I’m not going to lie, initially, it was the money that got me into competing. But even when you lose you learn something from it. And when you win, you invest it back in – buy more GPUs, or more cloud computing time, or a better system. It’s a cycle of investing and making money out of it.
The other motivation is the opportunity to try out the latest technology in the field and learn about data science as it evolves. Kaggle competitions let you do that and they also teach you things that you may later use in your work as well. So, I guess, that’s what keeps me going.
NM: I probably don’t remember my first competition so much, but I do remember one competition vividly, which I seriously took part in Kaggle for a month and a half. It was a Microsoft Malware Prediction competition in which we were placed 25th. What makes it memorable is that it was the first time I collaborated with so many people, and that too from different countries.
One of my teammates was from Vietnam, another was from England, and the third was from the US. Also, they were all very senior to me. Seeing this aspect of competitions, where you get to collaborate with people all over the world, and learn from them – was also very motivating for me.
NM: My first win, I think 4000 or 5000 rupees, which felt okay. But seeing yourself on the top of the leaderboard for the first time, that too after so many days, so many attempts – that was something. I think there were 3 or 4 times before that when I came in the top 2 or top 3, or even No. 1 on the public leaderboard. But then I kept falling on the private leaderboard. So finally when I came on top of the private leaderboard, it was a surreal feeling. It was like, “Okay, even I can do this!”
NM: Firstly, as I mentioned, Kaggle competitions are very much about collaboration.
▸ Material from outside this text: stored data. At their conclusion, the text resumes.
(* Let $S(t,p,q)=\sum_{\pi}t^{|\pi|}p^{\mathrm{asc}(\pi)}q^{\mathrm{des}(\pi)}$, summed over all separable permutations $\pi$, and let $I(t,p,q)$ be the same sum restricted to irreducible separable permutations. Then $$pq\,S(t,p,q)^3+pq\,t\,S(t,p,q)^2+S(t,p,q)\bigl((p+q)t-1\bigr)+t=0$$ and $$I(t,p,q)=\frac{t+q\,(t+S(t,p,q))\,S(t,p,q)}{1+q\,S(t,p,q)}.$$
   Context: A permutation of length $n$ is a word $\pi=\pi_1\cdots\pi_n$ containing each element of $[n]$ exactly once; $|\pi|=n$. For $\pi$ of length $m$ and $\sigma$ of length $n$, $\pi\oplus\sigma=\pi_1\cdots\pi_m(\sigma_1+m)\cdots(\sigma_n+m)$ and $\pi\ominus\sigma=(\pi_1+n)\cdots(\pi_m+n)\sigma_1\cdots\sigma_n$. Separable permutations are the permutations of length $\ge1$ obtained from the permutation $1$ by repeatedly applying $\oplus$ and $\ominus$ (equivalently, those avoiding $2413$ and $3142$). The permutation $1$ is irreducible; a permutation of length $n\ge2$ is irreducible if there is no $i$ with $2\le i\le n$ such that every element of $\pi_1\cdots\pi_{i-1}$ is less than every element of $\pi_i\cdots\pi_n$. $\mathrm{asc}(\pi)=\#\{i<n:\pi_i<\pi_{i+1}\}$, $\mathrm{des}(\pi)=\#\{i<n:\pi_i>\pi_{i+1}\}$. *)

theory Defs
  imports "HOL-Computational_Algebra.Formal_Power_Series"
begin

definition is_perm :: "nat list \<Rightarrow> bool" where
  "is_perm xs \<longleftrightarrow> distinct xs \<and> set xs = {1..length xs}"

definition dsum :: "nat list \<Rightarrow> nat list \<Rightarrow> nat list" where
  "dsum xs ys = xs @ map (\<lambda>y. y + length xs) ys"

definition skewsum :: "nat list \<Rightarrow> nat list \<Rightarrow> nat list" where
  "skewsum xs ys = map (\<lambda>x. x + length ys) xs @ ys"

inductive separable :: "nat list \<Rightarrow> bool" where
  sep_one: "separable [1]"
| sep_dsum: "separable xs \<Longrightarrow> separable ys \<Longrightarrow> separable (dsum xs ys)"
| sep_skew: "separable xs \<Longrightarrow> separable ys \<Longrightarrow> separable (skewsum xs ys)"

definition irreducible_perm :: "nat list \<Rightarrow> bool" where
  "irreducible_perm xs \<longleftrightarrow> xs = [1] \<or>
     (length xs \<ge> 2 \<and>
      \<not> (\<exists>i. 2 \<le> i \<and> i \<le> length xs \<and>
            (\<forall>a\<in>set (take (i - 1) xs). \<forall>b\<in>set (drop (i - 1) xs). a < b)))"

definition asc :: "nat list \<Rightarrow> nat" where
  "asc xs = card {i. Suc i < length xs \<and> xs ! i < xs ! Suc i}"

definition des :: "nat list \<Rightarrow> nat" where
  "des xs = card {i. Suc i < length xs \<and> xs ! i > xs ! Suc i}"

definition sep_gf :: "'a::comm_ring_1 \<Rightarrow> 'a \<Rightarrow> 'a fps" where
  "sep_gf p q = Abs_fps (\<lambda>n. \<Sum>xs\<in>{xs. separable xs \<and> length xs = n}.
                                 p ^ asc xs * q ^ des xs)"

definition irr_sep_gf :: "'a::comm_ring_1 \<Rightarrow> 'a \<Rightarrow> 'a fps" where
  "irr_sep_gf p q = Abs_fps (\<lambda>n. \<Sum>xs\<in>{xs. separable xs \<and> irreducible_perm xs \<and> length xs = n}.
                                 p ^ asc xs * q ^ des xs)"

end

theory Submission
  imports Defs
begin

(* A separable permutation other than 1 is a direct sum or a skew sum.  One that is not
   irreducible splits uniquely as a (+) b with a irreducible and b separable, and the junction
   adds exactly one ascent; hence S = I + p I S.  Complementation exchanges (+) with (-) and
   ascents with descents, so S(t,p,q) = S(t,q,p), while J = I(t,q,p) counts the separable
   permutations with irreducible complement and satisfies S = J + q J S.  Every separable
   permutation is irreducible or has an irreducible complement, and only 1 has both, so
   I + J = S + t.  Eliminating I and J from these three equations gives both identities. *)

unbundle fps_syntax

fun adj_count :: "('a \<Rightarrow> 'a \<Rightarrow> bool) \<Rightarrow> 'a list \<Rightarrow> nat" where
  "adj_count R (x # y # zs) = (if R x y then 1 else 0) + adj_count R (y # zs)"
| "adj_count R _ = 0"
(* Let $T>0$. The map $G$ defined by $G(X)_t=\tau_tX_t$, $t\in[0,T]$, is continuous from $\mathcal{C}([0,T],\mathcal{S}')$ into itself.
   Context: $\mathcal{S}$ is the Schwartz space on $\mathbb{R}$ (smooth functions with the topology of the semi-norms $\sup_x|x^\beta\phi^{(\gamma)}(x)|$), $\mathcal{S}'$ its dual, the space of tempered distributions, with duality $\langle\mu,\phi\rangle$. For $x\in\mathbb{R}$ and $\mu\in\mathcal{S}'$, $\tau_x\mu$ is the tempered distribution with $\langle\tau_x\mu,\phi\rangle=\langle\mu,\tau_x\phi\rangle$, where $\tau_x\phi(\cdot)=\phi(\cdot-x)$. A path $X:[0,T]\to\mathcal{S}'$ belongs to $\mathcal{C}([0,T],\mathcal{S}')$ (resp. $\mathcal{D}([0,T],\mathcal{S}')$) iff $t\mapsto\langle X_t,\phi\rangle$ is continuous (resp. right-continuous with left limits) for every $\phi\in\mathcal{S}$; these spaces carry their usual (uniform, resp. Skorokhod) topologies. *)

theory Defs
  imports "HOL-Analysis.Analysis"
begin

type_synonym test = "real \<Rightarrow> real"
type_synonym distr = "test \<Rightarrow> real"

definition smooth :: "test \<Rightarrow> bool" where
  "smooth f \<longleftrightarrow> (\<forall>k x. ((deriv ^^ k) f) differentiable (at x))"

definition schwartz :: "test set" where
  "schwartz = {f. smooth f \<and>
     (\<forall>\<beta> \<gamma>. \<exists>C. \<forall>x. \<bar>x ^ \<beta> * (deriv ^^ \<gamma>) f x\<bar> \<le> C)}"

definition schwartz_bounded :: "test set \<Rightarrow> bool" where
  "schwartz_bounded B \<longleftrightarrow> B \<subseteq> schwartz \<and>
     (\<forall>\<beta> \<gamma>. \<exists>C. \<forall>\<phi>\<in>B. \<forall>x. \<bar>x ^ \<beta> * (deriv ^^ \<gamma>) \<phi> x\<bar> \<le> C)"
I think when you collaborate with people from different parts of the world or different walks of life, you get to learn a lot. You get to see through other people’s minds – how they think, how they try to solve problems. And when you put that into your own strategies, I think it makes you 4x or 5x of what you already are.
The second thing about competitions which I really like is that you have to try a lot of things in a very short period of time. That really helps you evolve as a data scientist. You see, in most of the projects we do ourselves, we have a lot of time to work, but we don’t have some leaderboard to race against. So we usually take it slowly. We try a few experiments and see if they work or reset till we are satisfied with the results. But for competitions, you have so many different things to try in a very short period of time. So the learnings you get in a competition are much more and much better than when you do just things by yourself at work.
The third thing that I think these competitions really help with, is your career. At least for me, my entire journey, all the jobs I got, were all because of the references that I did well in competitions. They were because people knew me from competitions and they saw that I was good at competitions. It helped me build a good network of helpful data scientists and friends. That’s a great takeaway for beginners and aspiring data scientists.
NM: As I mentioned earlier, In Kaggle competitions you constantly have to evolve in a very short period of time because you’re racing against a lot of people and even the smallest differences matter. But in the real world, you don’t know the limits, and probably you might get satisfied after reaching some certain accuracy in your model. And then you say okay, ‘this is enough.’ But for a competition, you’ll have to constantly try out a lot of things; you’ll have to constantly push yourself to be better. And after you compete on a few platforms, you will feel that the projects in the real world become much more simpler to you because you know what to try and what will work, because you have tried it before.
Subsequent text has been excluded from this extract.